Brent crude ticked down 1 cent, or 0.01%, to $69.13 a barrel by 0032 GMT.
U.S. West Texas Intermediate crude rose 4 cents or 0.06% to $65.63 a barrel.
Oil had settled up more than 1% in the previous trading session after the U.S. imposed new sanctions on a network of shipping companies and vessels led by an Iraqi-Kittitian businessman for smuggling Iranian oil disguised as Iraqi oil.
Also supporting prices, U.S. crude oil stockpiles were expected to have fallen last week, along with distillate and gasoline inventories, a preliminary Reuters poll showed on Tuesday.

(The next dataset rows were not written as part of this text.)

(* Let $r \ge 3$ be an integer. For $n \ge 1$ let $g^{\mathrm{ns}}_r(n) = \max\{|\mathcal{F}| : \mathcal{F} \subseteq \{0,1\}^n \text{ contains no near-sunflower of size } r\}$ and $g^{\mathrm{ff}}_r(n) = \max\{|\mathcal{F}| : \mathcal{F} \subseteq \{0,1\}^n \text{ contains no focal family of size } r\}$. Then: (a) for every $n$, $g^{\mathrm{ns}}_r(n) \le g^{\mathrm{ff}}_r(n) \le (r-1)\, 2^{\lceil \frac{(r-2)n}{r-1} \rceil}$; (b) there exist positive constants $c^{\mathrm{ns}}_r$ and $c^{\mathrm{ff}}_r$ (depending only on $r$) such that for every $n$, $g^{\mathrm{ns}}_r(n) \ge c^{\mathrm{ns}}_r \left(\frac{2}{(r+1)^{1/(r-1)}}\right)^n$ and $g^{\mathrm{ff}}_r(n) \ge c^{\mathrm{ff}}_r \left(\frac{2}{r^{1/(r-1)}}\right)^n$.
   Context: Vectors in $\{0,1\}^n$ are identified with subsets of $[n]=\{1,\dots,n\}$. A family $\mathcal{H}$ of $r$ distinct subsets of $[n]$ is a near-sunflower of size $r$ if every $i \in [n]$ belongs to exactly $0$, $1$, $r-1$ or $r$ of the sets in $\mathcal{H}$. A family $x^{(0)}, x^{(1)}, \dots, x^{(r-1)}$ of $r$ distinct vectors in $\{0,1\}^n$ is focal (with focus $x^{(0)}$) if for every coordinate $i \in [n]$, at least $r-2$ of the $r-1$ entries $x^{(1)}_i, \dots, x^{(r-1)}_i$ are equal to $x^{(0)}_i$. A family $\mathcal{F}$ contains a focal family of size $r$ if some $r$ distinct members of $\mathcal{F}$, with some choice of one of them as focus, form a focal family. *)

theory Defs
  imports Complex_Main
begin

text \<open>Vectors in {0,1}^n are identified with subsets of [n] = {1..n}.\<close>

definition near_sunflower :: "nat \<Rightarrow> nat \<Rightarrow> nat set set \<Rightarrow> bool" where
  "near_sunflower n r H \<longleftrightarrow> finite H \<and> card H = r \<and>
     (\<forall>i\<in>{1..n}. card {A\<in>H. i \<in> A} \<in> {0, 1, r - 1, r})"

definition focal_family :: "nat \<Rightarrow> nat \<Rightarrow> nat set set \<Rightarrow> nat set \<Rightarrow> bool" where
  "focal_family n r H x \<longleftrightarrow> finite H \<and> card H = r \<and> x \<in> H \<and>
     (\<forall>i\<in>{1..n}. card {y\<in>H - {x}. (i \<in> y) = (i \<in> x)} \<ge> r - 2)"

definition contains_near_sunflower :: "nat \<Rightarrow> nat \<Rightarrow> nat set set \<Rightarrow> bool" where
  "contains_near_sunflower n r F \<longleftrightarrow> (\<exists>H\<subseteq>F. near_sunflower n r H)"

definition contains_focal :: "nat \<Rightarrow> nat \<Rightarrow> nat set set \<Rightarrow> bool" where
  "contains_focal n r F \<longleftrightarrow> (\<exists>H\<subseteq>F. \<exists>x. focal_family n r H x)"

definition g_ns :: "nat \<Rightarrow> nat \<Rightarrow> nat" where
  "g_ns r n = Max {card F | F. F \<subseteq> Pow {1..n} \<and> \<not> contains_near_sunflower n r F}"

definition g_ff :: "nat \<Rightarrow> nat \<Rightarrow> nat" where
  "g_ff r n = Max {card F | F. F \<subseteq> Pow {1..n} \<and> \<not> contains_focal n r F}"

end

theory Submission
  imports Defs "HOL-Library.FuncSet"
begin

text \<open>Upper bound: cut \<open>[n]\<close> into \<open>r - 1\<close> disjoint blocks of size \<open>\<lfloor>n / (r - 1)\<rfloor>\<close>.
  If every block admitted another member of \<open>F\<close> agreeing with \<open>x\<close> outside that block, these
  \<open>r - 1\<close> variants together with \<open>x\<close> would form a focal family with focus \<open>x\<close>. Hence in a
  focal-free family every \<open>x\<close> is determined by a block index \<open>j\<close> and its restriction to the
  complement of block \<open>j\<close>, which gives at most \<open>(r - 1) 2^(n - \<lfloor>n / (r - 1)\<rfloor>)\<close> members.

  Lower bounds: in a near-sunflower (focal family) every coordinate has a majority bit from which
  at most one member (at most one member other than the focus) deviates, so such families are
  encoded by choosing a bit and a deviant index in \<open>{0..r}\<close> (\<open>{0..r - 1}\<close>) per coordinate:
  there are at most \<open>(2(r + 1))^n\<close> (\<open>(2r)^n\<close>) of them. The deletion method then yields a free
  family of size \<open>\<ge> m - (2a)^n (m / 2^n)^r\<close>, and \<open>m \<approx> (2 / a^(1/(r-1)))^n / 2\<close> optimises this.
  Finally focal families are near-sunflowers, so \<open>g_ns \<le> g_ff\<close>.\<close>

section \<open>The deletion method\<close>

lemma card_supersets_with_card:
  assumes "finite U" "e \<subseteq> U" "card e = r" "r \<le> m"
  shows "card {S. S \<subseteq> U \<and> card S = m \<and> e \<subseteq> S} = (card U - r) choose (m - r)"
proof -
  have fin_e: "finite e" using assms finite_subset by blast
  have "bij_betw (\<lambda>S. S - e) {S. S \<subseteq> U \<and> card S = m \<and> e \<subseteq> S} {T. T \<subseteq> U - e \<and> card T = m - r}"
  proof (rule bij_betwI[where g = "\<lambda>T. T \<union> e"])
    show "(\<lambda>T. T \<union> e) \<in> {T. T \<subseteq> U - e \<and> card T = m - r} \<rightarrow> {S. S \<subseteq> U \<and> card S = m \<and> e \<subseteq> S}"
    proof
      fix T assume T: "T \<in> {T. T \<subseteq> U - e \<and> card T = m - r}"
      then have "finite T" "T \<inter> e = {}" using assms(1) finite_subset by auto
      then have "card (T \<union> e) = m" using T assms fin_e by (simp add: card_Un_disjoint)
      then show "T \<union> e \<in> {S. S \<subseteq> U \<and> card S = m \<and> e \<subseteq> S}" using T assms by auto
    qed
  qed (use assms fin_e in \<open>auto simp: card_Diff_subset\<close>)
  then have "card {S. S \<subseteq> U \<and> card S = m \<and> e \<subseteq> S} = card (U - e) choose (m - r)"
    using assms by (simp add: bij_betw_same_card n_subsets)
  then show ?thesis using assms fin_e by (simp add: card_Diff_subset)
qed

lemma ex_le_average:
  fixes f :: "'a \<Rightarrow> nat"
  assumes "finite A" "A \<noteq> {}"
  shows "\<exists>x\<in>A. f x * card A \<le> sum f A"
proof (rule ccontr)
  assume "\<not> ?thesis"
  then have "(\<Sum>x\<in>A. sum f A) < (\<Sum>x\<in>A. f x * card A)"
    using assms by (intro sum_strict_mono) auto
  then show False by (simp add: sum_distrib_left[symmetric] mult.commute)
qed

lemma choose_Suc_mult_Suc: "(k choose Suc r) * Suc r = (k choose r) * (k - r)"
  by (metis binomial_absorb_comp binomial_absorption diff_Suc_1 mult.commute)

lemma choose_mult_power_le:
  fixes m N r :: nat
  assumes "m \<le> N"
  shows "(m choose r) * N ^ r \<le> (N choose r) * m ^ r"
proof (induction r)
  case 0
  then show ?case by simp
next
  case (Suc r)
  have "N * m - N * r \<le> N * m - m * r"
    using assms by (intro diff_le_mono2) simp
  then have "(m - r) * N \<le> (N - r) * m"
    by (simp add: algebra_simps diff_mult_distrib diff_mult_distrib2)
  with Suc.IH have "((m choose r) * N ^ r) * ((m - r) * N) \<le> ((N choose r) * m ^ r) * ((N - r) * m)"
    by (rule mult_le_mono)
  moreover have "(k choose Suc r) * M ^ Suc r * Suc r = ((k choose r) * M ^ r) * ((k - r) * M)"
    for k M :: nat
  proof -
    have "(k choose Suc r) * M ^ Suc r * Suc r = ((k choose Suc r) * Suc r) * (M ^ r * M)"
      by (simp only: power_Suc2 mult_ac)
    also have "\<dots> = ((k choose r) * (k - r)) * (M ^ r * M)"
      by (simp only: choose_Suc_mult_Suc)
    finally show ?thesis by (simp only: mult_ac)
  qed
  ultimately have "((m choose Suc r) * N ^ Suc r) * Suc r \<le> ((N choose Suc r) * m ^ Suc r) * Suc r"
    by simp
  then show ?case unfolding mult_le_cancel2 by blast
qed

lemma ex_subset_few_edges_inside:
  assumes U: "finite U" and B: "B \<subseteq> Pow U" and card_B: "\<forall>e\<in>B. card e = r"
    and rm: "r \<le> m" and mU: "m \<le> card U"
  shows "\<exists>S\<subseteq>U. card S = m \<and> card {e\<in>B. e \<subseteq> S} * (card U choose r) \<le> card B * (m choose r)"
proof -
  define N where "N = card U"
  define SS where "SS = {S. S \<subseteq> U \<and> card S = m}"
  have fin_B: "finite B" using B U by (meson finite_Pow_iff finite_subset)
  have fin_SS: "finite SS" unfolding SS_def using U by simp
  have card_SS: "card SS = N choose m" unfolding SS_def N_def using U by (simp add: n_subsets)
  have "(\<Sum>S\<in>SS. card {e\<in>B. e \<subseteq> S}) = (\<Sum>e\<in>B. card {S\<in>SS. e \<subseteq> S})"
    using sum.swap_restrict[OF fin_SS fin_B, of "\<lambda>_ _. 1::nat" "\<lambda>S e. e \<subseteq> S"] by simp
  also have "\<dots> = (\<Sum>e\<in>B. (N - r) choose (m - r))"
  proof (rule sum.cong)
    fix e assume "e \<in> B"
    moreover have "{S\<in>SS. e \<subseteq> S} = {S. S \<subseteq> U \<and> card S = m \<and> e \<subseteq> S}" unfolding SS_def by auto
    ultimately show "card {S\<in>SS. e \<subseteq> S} = (N - r) choose (m - r)"
      using card_supersets_with_card[OF U _ _ rm, of e] B card_B N_def by auto
  qed simp
  finally have double_count: "(\<Sum>S\<in>SS. card {e\<in>B. e \<subseteq> S}) = card B * ((N - r) choose (m - r))"
    by simp
  have "SS \<noteq> {}" using card_SS mU N_def by auto
  then obtain S where S: "S \<in> SS" "card {e\<in>B. e \<subseteq> S} * (N choose m) \<le> card B * ((N - r) choose (m - r))"
    using ex_le_average[OF fin_SS, of "\<lambda>S. card {e\<in>B. e \<subseteq> S}"] double_count card_SS by auto
  have choose_eq: "(N choose r) * ((N - r) choose (m - r)) = (N choose m) * (m choose r)"
    using choose_mult[OF rm, of N] mU N_def by simp
  have "(card {e\<in>B. e \<subseteq> S} * (N choose r)) * ((N - r) choose (m - r))
      = (card {e\<in>B. e \<subseteq> S} * (N choose m)) * (m choose r)"
    by (simp only: mult.assoc choose_eq)
  also have "\<dots> \<le> (card B * ((N - r) choose (m - r))) * (m choose r)"
    using S(2) by (rule mult_le_mono1)
  also have "\<dots> = (card B * (m choose r)) * ((N - r) choose (m - r))"
    by (simp only: mult_ac)
  finally have "(card {e\<in>B. e \<subseteq> S} * (N choose r)) * ((N - r) choose (m - r))
      \<le> (card B * (m choose r)) * ((N - r) choose (m - r))" .
  moreover have "0 < (N - r) choose (m - r)" using mU rm N_def by simp
  ultimately show ?thesis using S(1) unfolding SS_def N_def by auto
qed

lemma ex_subset_avoiding_edges:
  assumes "finite S" "finite E" "{} \<notin> E"
  shows "\<exists>F\<subseteq>S. (\<forall>e\<in>E. \<not> e \<subseteq> F) \<and> card S - card E \<le> card F"
proof -
  define F where "F = S - (\<lambda>e. SOME x. x \<in> e) ` E"
  have "card S - card ((\<lambda>e. SOME x. x \<in> e) ` E) \<le> card F"
    unfolding F_def by (rule diff_card_le_card_Diff) (use assms in simp)
  then have "card S - card E \<le> card F"
    using card_image_le[OF assms(2), of "\<lambda>e. SOME x. x \<in> e"] by linarith
  moreover have "\<not> e \<subseteq> F" if "e \<in> E" for e
  proof -
    have "e \<noteq> {}" using that assms(3) by blast
    then have "(SOME x. x \<in> e) \<in> e" by (simp add: some_in_eq)
    then show ?thesis using that unfolding F_def by blast
  qed
  ultimately show ?thesis unfolding F_def by blast
qed

text \<open>Some \<open>m\<close>-subset of the vertices spans at most the average number of edges, and deleting
  one vertex from each of them leaves an independent set.\<close>

lemma ex_large_independent_set:
  fixes U :: "'a set" and B :: "'a set set"
  assumes U: "finite U" and B: "B \<subseteq> Pow U" and card_B: "\<forall>e\<in>B. card e = r" and "r \<ge> 1"
    and mU: "m \<le> card U"
  shows "\<exists>F\<subseteq>U. (\<forall>e\<in>B. \<not> e \<subseteq> F) \<and>
           real m - real (card B) * (real m / real (card U)) ^ r \<le> real (card F)"
proof (cases "r \<le> m")
  case False
  obtain S where S: "S \<subseteq> U" "card S = m" using obtain_subset_with_card_n[OF mU] by metis
  have "\<not> e \<subseteq> S" if "e \<in> B" for e
    using that card_mono[of S e] S U card_B False finite_subset by fastforce
  then show ?thesis using S by (intro exI[of _ S]) auto
next
  case True
  define N where "N = card U"
  obtain S where S: "S \<subseteq> U" "card S = m"
    and few: "card {e\<in>B. e \<subseteq> S} * (N choose r) \<le> card B * (m choose r)"
    using ex_subset_few_edges_inside[OF U B card_B True mU] unfolding N_def by blast
  have "card {e\<in>B. e \<subseteq> S} * (N choose r) * N ^ r \<le> card B * ((m choose r) * N ^ r)"
    using mult_le_mono1[OF few, of "N ^ r"] by (simp only: mult_ac)
  also have "\<dots> \<le> card B * ((N choose r) * m ^ r)"
    using choose_mult_power_le[of m N r] mU N_def by simp
  finally have "(card {e\<in>B. e \<subseteq> S} * N ^ r) * (N choose r) \<le> (card B * m ^ r) * (N choose r)"
    by (simp add: mult_ac)
  moreover have "0 < N choose r" "0 < N" using mU True \<open>r \<ge> 1\<close> N_def by auto
  ultimately have "card {e\<in>B. e \<subseteq> S} * N ^ r \<le> card B * m ^ r"
    unfolding mult_le_cancel2 by blast
  then have "real (card {e\<in>B. e \<subseteq> S}) * real N ^ r \<le> real (card B) * real m ^ r"
    by (metis of_nat_le_iff of_nat_mult of_nat_power)
  then have few_real: "real (card {e\<in>B. e \<subseteq> S}) \<le> real (card B) * (real m / real N) ^ r"
    using \<open>0 < N\<close> by (simp add: power_divide field_simps)
  have fin_S: "finite S" using S U finite_subset by blast
  have "{} \<notin> B" using card_B \<open>r \<ge> 1\<close> by force
  then obtain F where F: "F \<subseteq> S" "\<forall>e\<in>{e\<in>B. e \<subseteq> S}. \<not> e \<subseteq> F"
    and "card S - card {e\<in>B. e \<subseteq> S} \<le> card F"
    using ex_subset_avoiding_edges[OF fin_S, of "{e\<in>B. e \<subseteq> S}"] fin_S by auto
  then have "real m - real (card {e\<in>B. e \<subseteq> S}) \<le> real (card F)" using S by linarith
  moreover have "\<forall>e\<in>B. \<not> e \<subseteq> F" using F by blast
  ultimately show ?thesis using F S few_real unfolding N_def by (intro exI[of _ F]) auto
qed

Three analysts polled by Reuters ahead of weekly inventory data estimated on average that crude inventories fell by about 3.4 million barrels in the week to August 29. But soft economic data kept prices capped. U.S. manufacturing contracted for a sixth straight month as President Donald Trump’s tariffs hit business confidence and economic activity, weighing on the demand outlook for oil. The market was waiting for the results of a meeting of eight members of the Organization of the Petroleum Exporting Countries and their allies on September 7. Analysts say the group is unlikely to make further changes to production for now.

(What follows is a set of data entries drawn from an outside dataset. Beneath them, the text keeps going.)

(* In the coordinates u = h q, v = A one has B = u^2 + v^2, and Phi is the polar angle of (u, v);
   hence K = r e^(G Phi / 2) on each half plane R^1 >= 0, R^1 <= 0, and the indicatrix consists of
   two mirror-image arcs of the logarithmic spiral r = e^(-G phi / 2), |phi| <= pi / 2.

   Convexity: along any line, K is convex on each half plane, since in the spiral coordinates its
   second derivative is K (1 + G^2/4) (u v' - v u')^2 / r^4 >= 0; where the line crosses the axis
   R^1 = 0 the one-sided first derivatives agree, so K is convex along the whole line.

   Curvature: reparametrising the arc by s with ds/dphi = e^(-G phi) makes the areal velocity
   cross(gamma, gamma') constant (= 1/h), hence gamma'' = -k gamma with k > 0 (a central force), and
   the curvature k cross(gamma, gamma') / |gamma'|^3 is positive. Reflecting the arc and extending
   periodically gives a closed curve, twice differentiable because the pieces meet the axis
   orthogonally. *)

section \<open>The spiral gauge\<close>

definition cross :: "real \<times> real \<Rightarrow> real \<times> real \<Rightarrow> real" where
  "cross a b = fst a * snd b - snd a * fst b"

definition mirror :: "real \<times> real \<Rightarrow> real \<times> real" where
  "mirror p = (- fst p, snd p)"

lemma mirror_simps [simp]:
  "fst (mirror p) = - fst p" "snd (mirror p) = snd p" "mirror (mirror p) = p"
  "mirror (c *\<^sub>R p) = c *\<^sub>R mirror p" "mirror (- p) = - mirror p"
  "mirror (p + q) = mirror p + mirror q"
  unfolding mirror_def by simp_all

lemma mirror_eq_0_iff [simp]: "mirror p = 0 \<longleftrightarrow> p = 0"
  unfolding mirror_def by (simp add: prod_eq_iff)

lemma bounded_linear_mirror: "bounded_linear mirror"
  unfolding mirror_def
  by (intro bounded_linear_Pair bounded_linear_minus bounded_linear_fst bounded_linear_snd)

lemma norm_real_pair: "norm (w :: real \<times> real) = sqrt ((fst w)^2 + (snd w)^2)"
  by (cases w) (simp add: norm_Pair)

lemma norm_add_fst_pos:
  fixes w :: "real \<times> real"
  assumes "fst w \<ge> 0" "w \<noteq> 0"
  shows "norm w + fst w > 0"
  using assms by (intro add_pos_nonneg) simp_all

lemma arctan_eq_double_arctan_half:
  fixes x y :: real
  assumes "x > 0"
  shows "arctan (y / x) = 2 * arctan (y / (sqrt (x^2 + y^2) + x))"
proof -
  define r where "r = sqrt (x^2 + y^2)"
  define t where "t = y / (r + x)"
  have r2: "r^2 = x^2 + y^2" unfolding r_def by simp
  have rx: "r + x > 0" using assms unfolding r_def by (simp add: add_nonneg_pos)
  have "\<bar>y\<bar> < r + x" using assms real_sqrt_ge_abs2[of y x] unfolding r_def by linarith
  then have t1: "\<bar>t\<bar> < 1" using rx unfolding t_def by (simp add: abs_divide)
  have "1 - t^2 = ((r + x)^2 - y^2) / (r + x)^2"
    using rx by (simp add: t_def power_divide field_simps)
  also have "(r + x)^2 - y^2 = 2 * x * (r + x)"
    using r2 by (simp add: power2_eq_square algebra_simps)
  finally have "1 - t^2 = 2 * x / (r + x)"
    using rx by (simp add: power2_eq_square)
  then have "2 * t / (1 - t^2) = y / x"
    using assms rx by (simp add: t_def field_simps)
  then show ?thesis
    using arctan_double[OF t1] unfolding t_def r_def by simp
qed

text \<open>For \<open>fst w \<ge> 0\<close> the arctangent below is half the polar angle \<open>\<phi>\<close> of \<open>w\<close>, so
  \<open>spiral_gauge c w = \<bar>w\<bar> e\<^bsup>c\<phi>/2\<^esup>\<close>: its unit level set is a logarithmic spiral.\<close>
definition spiral_gauge :: "real \<Rightarrow> real \<times> real \<Rightarrow> real" where
  "spiral_gauge c w = norm w * exp (c * arctan (snd w / (norm w + fst w)))"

Also on Wednesday morning, Beijing holds its largest-ever military parade to mark 80 years since Japan’s defeat at the end of World War Two, with China’s leader Xi Jinping taking centre stage flanked by Russia’s Vladimir Putin and North Korea’s Kim Jong Un.
The event follows the Shanghai Cooperation Organisation summit from August 31 to September 1, in which China put forward its vision for a new global security and economic order in a direct challenge to the U.S.
Analysts have said that could push Trump to react with more secondary sanctions.